§ EXERCISE DIRECTIONS: Each line of the material is to be written out exactly.
═══ THE RECORDS
lemma colour_exp_simps [simp]:
  "univ (colour_exp M n col) = univ M" "cst (colour_exp M n col) = cst M"
  "ar (colour_exp M n col) = case_sum (ar M) (\<lambda>_. 1)"
  "rel (colour_exp M n col) (Inl r) = rel M r"
  "rel (colour_exp M n col) (Inr i) xs \<longleftrightarrow> i < n \<and> (\<exists>x. xs = [x] \<and> x \<in> univ M \<and> col x = i)"
  by (simp_all add: colour_exp_def fun_eq_iff split: sum.split)

locale constant_marking =
  fixes M :: "('a, 'r, 'c) struc" and d :: "'d::finite \<Rightarrow> 'a" and n :: nat and col :: "'a \<Rightarrow> nat"
  assumes consts_in_univ: "d e \<in> univ M"
    and col_less: "x \<in> univ M \<Longrightarrow> col x < n"
begin

definition coloured :: "('a, 'r + nat, 'c + 'd) struc" where
  "coloured = colour_exp (const_exp M d) n col"

definition marked :: "('a, 'r + nat, 'c) struc" where
  "marked = colour_exp M (Suc n) (\<lambda>x. if x \<in> range d then n else col x)"

lemma age_wqo_marked: "n_wqo M (Suc n) \<Longrightarrow> age_wqo marked"
  using col_less unfolding n_wqo_def marked_def by (simp add: less_Suc_eq)

lemma fin_sub_coloured_D:
  assumes "fin_sub coloured A"
  shows "fin_sub marked A" "range d \<subseteq> A"
proof -
  have "cst M c \<in> A" "d e \<in> A" for c e
    using assms rangeI[of "cst coloured" "Inl c"] rangeI[of "cst coloured" "Inr e"]
    by (auto simp: fin_sub_def coloured_def)
  then show "fin_sub marked A" "range d \<subseteq> A"
    using assms by (auto simp: fin_sub_def coloured_def marked_def)
qed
══════
§ COMPLETED TASK:
lemma colour_exp_simps [simp]:
  "univ (colour_exp M n col) = univ M" "cst (colour_exp M n col) = cst M"
  "ar (colour_exp M n col) = case_sum (ar M) (\<lambda>_. 1)"
  "rel (colour_exp M n col) (Inl r) = rel M r"
  "rel (colour_exp M n col) (Inr i) xs \<longleftrightarrow> i < n \<and> (\<exists>x. xs = [x] \<and> x \<in> univ M \<and> col x = i)"
  by (simp_all add: colour_exp_def fun_eq_iff split: sum.split)

locale constant_marking =
  fixes M :: "('a, 'r, 'c) struc" and d :: "'d::finite \<Rightarrow> 'a" and n :: nat and col :: "'a \<Rightarrow> nat"
  assumes consts_in_univ: "d e \<in> univ M"
    and col_less: "x \<in> univ M \<Longrightarrow> col x < n"
begin

definition coloured :: "('a, 'r + nat, 'c + 'd) struc" where
  "coloured = colour_exp (const_exp M d) n col"

definition marked :: "('a, 'r + nat, 'c) struc" where
  "marked = colour_exp M (Suc n) (\<lambda>x. if x \<in> range d then n else col x)"

lemma age_wqo_marked: "n_wqo M (Suc n) \<Longrightarrow> age_wqo marked"
  using col_less unfolding n_wqo_def marked_def by (simp add: less_Suc_eq)

lemma fin_sub_coloured_D:
  assumes "fin_sub coloured A"
  shows "fin_sub marked A" "range d \<subseteq> A"
proof -
  have "cst M c \<in> A" "d e \<in> A" for c e
    using assms rangeI[of "cst coloured" "Inl c"] rangeI[of "cst coloured" "Inr e"]
    by (auto simp: fin_sub_def coloured_def)
  then show "fin_sub marked A" "range d \<subseteq> A"
    using assms by (auto simp: fin_sub_def coloured_def marked_def)
qed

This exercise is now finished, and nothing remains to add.